Entries taken from a collection
(* A node of the tau-tree T_A may carry rank gamma in a tree of rank at most alpha
   (resp. alpha+1 for infinite alpha) iff gamma < alpha (resp. gamma \<le> alpha); we call such
   gamma admissible for alpha.  Instead of working with the rank function directly we work
   with strictly decreasing labellings of the tree by admissible ordinals: such a labelling
   exists iff the tree is well-founded with the required rank bound, because the pointwise
   least admissible decreasing labelling is exactly the rank function.

   Admissible labellings behave well under the two tree operations that mirror tau: a tree
   has an admissible labelling for alpha iff every branch below a child z of the root has one
   for some beta < alpha.  On the group side, A \<in> tau(H) iff A \<inter> zA \<in> H for every z \<noteq> e, and
   the tau-tree of A \<inter> zA is the branch of T_A below z.  Transfinite induction on alpha then
   proves  A \<in> tau^alpha(F)  iff  T_A has an admissible labelling for alpha,  and the theorem
   follows by combining this with the rank characterisation of admissible labellings. *)


subsection \<open>Admissible ranks\<close>

text \<open>An ordinal \<open>\<gamma>\<close> is admissible as a node rank for the bound \<open>\<alpha>\<close>: rank(T) \<le> \<alpha> for finite
  \<open>\<alpha>\<close>, and rank(T) \<le> \<alpha>+1 for infinite \<open>\<alpha>\<close>, mean that all node ranks are admissible.\<close>
definition admissible :: "'o::wellorder \<Rightarrow> 'o \<Rightarrow> bool" where
  "admissible \<alpha> \<gamma> \<longleftrightarrow> (if finite_ord \<alpha> then \<gamma> < \<alpha> else \<gamma> \<le> \<alpha>)"

lemma finite_ord_mono: "finite_ord (\<alpha>::'o::wellorder) \<Longrightarrow> \<beta> \<le> \<alpha> \<Longrightarrow> finite_ord \<beta>"
  unfolding finite_ord_def by (rule finite_subset[of _ "{..<\<alpha>}"]) auto

lemma admissible_le: "admissible \<beta> \<gamma> \<Longrightarrow> \<gamma> \<le> (\<beta>::'o::wellorder)"
  unfolding admissible_def by (auto split: if_splits)

lemma admissible_downward: "admissible \<alpha> \<delta> \<Longrightarrow> \<gamma> \<le> \<delta> \<Longrightarrow> admissible (\<alpha>::'o::wellorder) \<gamma>"
  unfolding admissible_def by (auto split: if_splits)

lemma wellorder_successor:
  fixes m :: "'o::wellorder"
  assumes "m < \<delta>"
  obtains s where "m < s" "s \<le> \<delta>" "{..<s} = insert m {..<m}"
proof
  define s where "s = (LEAST x. m < x)"
  show ms: "m < s" unfolding s_def by (rule LeastI[of _ \<delta>]) (rule assms)
  show "s \<le> \<delta>" unfolding s_def by (rule Least_le) (rule assms)
  have "\<not> m < x" if "x < s" for x
    using that not_less_Least[of x "\<lambda>x. m < x"] by (simp add: s_def)
  then show "{..<s} = insert m {..<m}" using ms by force
qed

text \<open>A rank strictly below an admissible one for \<open>\<alpha>\<close> is admissible for some \<open>\<beta> < \<alpha>\<close>
  (for finite ranks take \<open>\<beta>\<close> the successor of the rank, for infinite ones the rank itself).\<close>
lemma admissible_below:
  fixes m :: "'o::wellorder"
  assumes m: "m < \<delta>" and \<delta>: "admissible \<alpha> \<delta>"
  shows "\<exists>\<beta><\<alpha>. admissible \<beta> m"
proof (cases "finite_ord m")
  case False
  then have "admissible m m" by (simp add: admissible_def)
  moreover have "m < \<alpha>" using m admissible_le[OF \<delta>] by simp
  ultimately show ?thesis by blast
next
  case True
  obtain s where ms: "m < s" and sd: "s \<le> \<delta>" and s: "{..<s} = insert m {..<m}"
    using wellorder_successor[OF m] .
  have fs: "finite_ord s" using True unfolding finite_ord_def s by simp
  have "s < \<alpha>"
  proof (cases "finite_ord \<alpha>")
    case True then show ?thesis using \<delta> sd by (simp add: admissible_def)
  next
    case False
    then have "s \<noteq> \<alpha>" using fs by auto
    then show ?thesis using \<delta> sd False by (simp add: admissible_def)
  qed
  moreover have "admissible s m" using fs ms by (simp add: admissible_def)
  ultimately show ?thesis by blast
qed

text \<open>Conversely, all ranks admissible for some \<open>\<beta> < \<alpha>\<close> lie strictly below a single rank
  admissible for \<open>\<alpha>\<close>; this is the label given to the root when branches are glued.\<close>
lemma admissible_above:
  fixes \<alpha> :: "'o::wellorder"
  assumes "\<exists>b. b < \<alpha>"
  shows "\<exists>\<delta>. admissible \<alpha> \<delta> \<and> (\<forall>\<beta><\<alpha>. \<forall>\<gamma>. admissible \<beta> \<gamma> \<longrightarrow> \<gamma> < \<delta>)"
proof (cases "finite_ord \<alpha>")
  case True
  define \<delta> where "\<delta> = Max {..<\<alpha>}"
  have fin: "finite {..<\<alpha>}" using True by (simp add: finite_ord_def)
  have "\<delta> \<in> {..<\<alpha>}" unfolding \<delta>_def using fin assms by (intro Max_in) auto
  then have "admissible \<alpha> \<delta>" using True by (simp add: admissible_def)
  moreover have "\<gamma> < \<delta>" if b: "\<beta> < \<alpha>" and g: "admissible \<beta> \<gamma>" for \<beta> \<gamma>
  proof -
    have "\<gamma> < \<beta>" using g finite_ord_mono[OF True less_imp_le[OF b]] by (simp add: admissible_def)
    also have "\<beta> \<le> \<delta>" unfolding \<delta>_def using fin b by simp
    finally show ?thesis .
  qed
  ultimately show ?thesis by blast
next
  case False
  then have "admissible \<alpha> \<alpha>" by (simp add: admissible_def)
  moreover have "\<forall>\<beta><\<alpha>. \<forall>\<gamma>. admissible \<beta> \<gamma> \<longrightarrow> \<gamma> < \<alpha>"
    using admissible_le by (metis le_less_trans)
  ultimately show ?thesis by blast
qed


subsection \<open>Admissible labellings of trees\<close>

definition decreasing :: "'a list set \<Rightarrow> ('a list \<Rightarrow> 'o::wellorder) \<Rightarrow> bool" where
  "decreasing T d \<longleftrightarrow> (\<forall>s\<in>T. \<forall>t\<in>T. strict_prefix s t \<longrightarrow> d t < d s)"

definition admissible_labelling :: "'a list set \<Rightarrow> 'o::wellorder \<Rightarrow> ('a list \<Rightarrow> 'o) \<Rightarrow> bool" where
  "admissible_labelling T \<alpha> d \<longleftrightarrow> decreasing T d \<and> (\<forall>s\<in>T. admissible \<alpha> (d s))"

definition labellable :: "'a list set \<Rightarrow> 'o::wellorder \<Rightarrow> bool" where
  "labellable T \<alpha> \<longleftrightarrow> (\<exists>d. admissible_labelling T \<alpha> d)"

text \<open>A decreasing ordinal labelling witnesses well-foundedness: a node of least label in a
  nonempty subset is maximal there.\<close>
lemma decreasing_wf_poset:
  fixes d :: "'a list \<Rightarrow> 'o::wellorder"
  assumes dec: "decreasing T d"
  shows "wf_poset T"
  unfolding wf_poset_def
proof (intro allI impI)
  fix S assume S: "S \<subseteq> T" "S \<noteq> {}"
  have "(LEAST \<gamma>. \<gamma> \<in> d ` S) \<in> d ` S" using S(2) by (auto intro: LeastI)
  then obtain m where least_eq: "(LEAST \<gamma>. \<gamma> \<in> d ` S) = d m" and m: "m \<in> S" by (rule imageE)
  have least: "d m \<le> d t" if "t \<in> S" for t
    unfolding least_eq[symmetric] by (rule Least_le) (use that in blast)
  have "\<not> strict_prefix m t" if "t \<in> S" for t
    using dec S(1) m that least[OF that] unfolding decreasing_def by force
  with m show "\<exists>m\<in>S. \<forall>t\<in>S. \<not> strict_prefix m t" by blast
qed

definition least_label :: "'a list set \<Rightarrow> 'o::wellorder \<Rightarrow> 'a list \<Rightarrow> 'o" where
  "least_label T \<alpha> s = (LEAST \<gamma>. \<exists>d. admissible_labelling T \<alpha> d \<and> d s = \<gamma>)"

context
  fixes T :: "'a list set" and \<alpha> :: "'o::wellorder"
  assumes lab: "labellable T \<alpha>"
begin

lemma least_label_attained: "\<exists>d. admissible_labelling T \<alpha> d \<and> d s = least_label T \<alpha> s"
proof -
  have "\<exists>\<gamma> d. admissible_labelling T \<alpha> d \<and> d s = \<gamma>" using lab unfolding labellable_def by blast
  from LeastI_ex[OF this] show ?thesis unfolding least_label_def by blast
qed

lemma least_label_le: "admissible_labelling T \<alpha> d \<Longrightarrow> least_label T \<alpha> s \<le> d s"
  unfolding least_label_def by (rule Least_le) blast

lemma least_label_decreasing: "decreasing T (least_label T \<alpha>)"
  unfolding decreasing_def
proof (intro ballI impI)
  fix s t assume st: "s \<in> T" "t \<in> T" "strict_prefix s t"
  obtain d where d: "admissible_labelling T \<alpha> d" "d s = least_label T \<alpha> s"
    using least_label_attained by blast
  have "least_label T \<alpha> t \<le> d t" using least_label_le[OF d(1)] .
  also have "d t < d s" using d(1) st unfolding admissible_labelling_def decreasing_def by blast
  finally show "least_label T \<alpha> t < least_label T \<alpha> s" using d(2) by simp
qed

lemma least_label_admissible: "s \<in> T \<Longrightarrow> admissible \<alpha> (least_label T \<alpha> s)"
  using least_label_attained[of s] unfolding admissible_labelling_def by metis

text \<open>Minimality: the least label of \<open>s\<close> is the supremum of the successors of the labels
  above \<open>s\<close>; otherwise lowering the label of \<open>s\<close> alone gives a smaller admissible labelling.\<close>
lemma least_label_is_rank_fn: "is_rank_fn T (least_label T \<alpha>)"
  unfolding is_rank_fn_def
proof (intro ballI conjI allI impI)
  let ?r = "least_label T \<alpha>"
  fix s t assume "s \<in> T" "t \<in> T" "strict_prefix s t"
  then show "?r t < ?r s" using least_label_decreasing unfolding decreasing_def by blast
next
  let ?r = "least_label T \<alpha>"
  fix s \<gamma> assume s: "s \<in> T" and above: "\<forall>t\<in>T. strict_prefix s t \<longrightarrow> ?r t < \<gamma>"
  show "?r s \<le> \<gamma>"
  proof (rule ccontr)
    assume "\<not> ?r s \<le> \<gamma>"
    then have lt: "\<gamma> < ?r s" by simp
    define d where "d = ?r(s := \<gamma>)"
    have "decreasing T d" unfolding decreasing_def
    proof (intro ballI impI)
      fix u v assume uv: "u \<in> T" "v \<in> T" "strict_prefix u v"
      then have "?r v < ?r u" using least_label_decreasing unfolding decreasing_def by blast
      then show "d v < d u" using uv above lt by (auto simp: d_def)
    qed
    moreover have "\<forall>u\<in>T. admissible \<alpha> (d u)"
      using least_label_admissible admissible_downward[OF least_label_admissible[OF s]] lt
      by (simp add: d_def)
    ultimately have "?r s \<le> d s" by (intro least_label_le) (simp add: admissible_labelling_def)
    then show False using lt by (simp add: d_def)
  qed
qed

end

Exercise prompt => Only those lines running from the one containing "then show False" through the last line of the data above are to be copied, exactly, with both ends included.

Answer space =>
    then show False using lt by (simp add: d_def)
  qed
qed

end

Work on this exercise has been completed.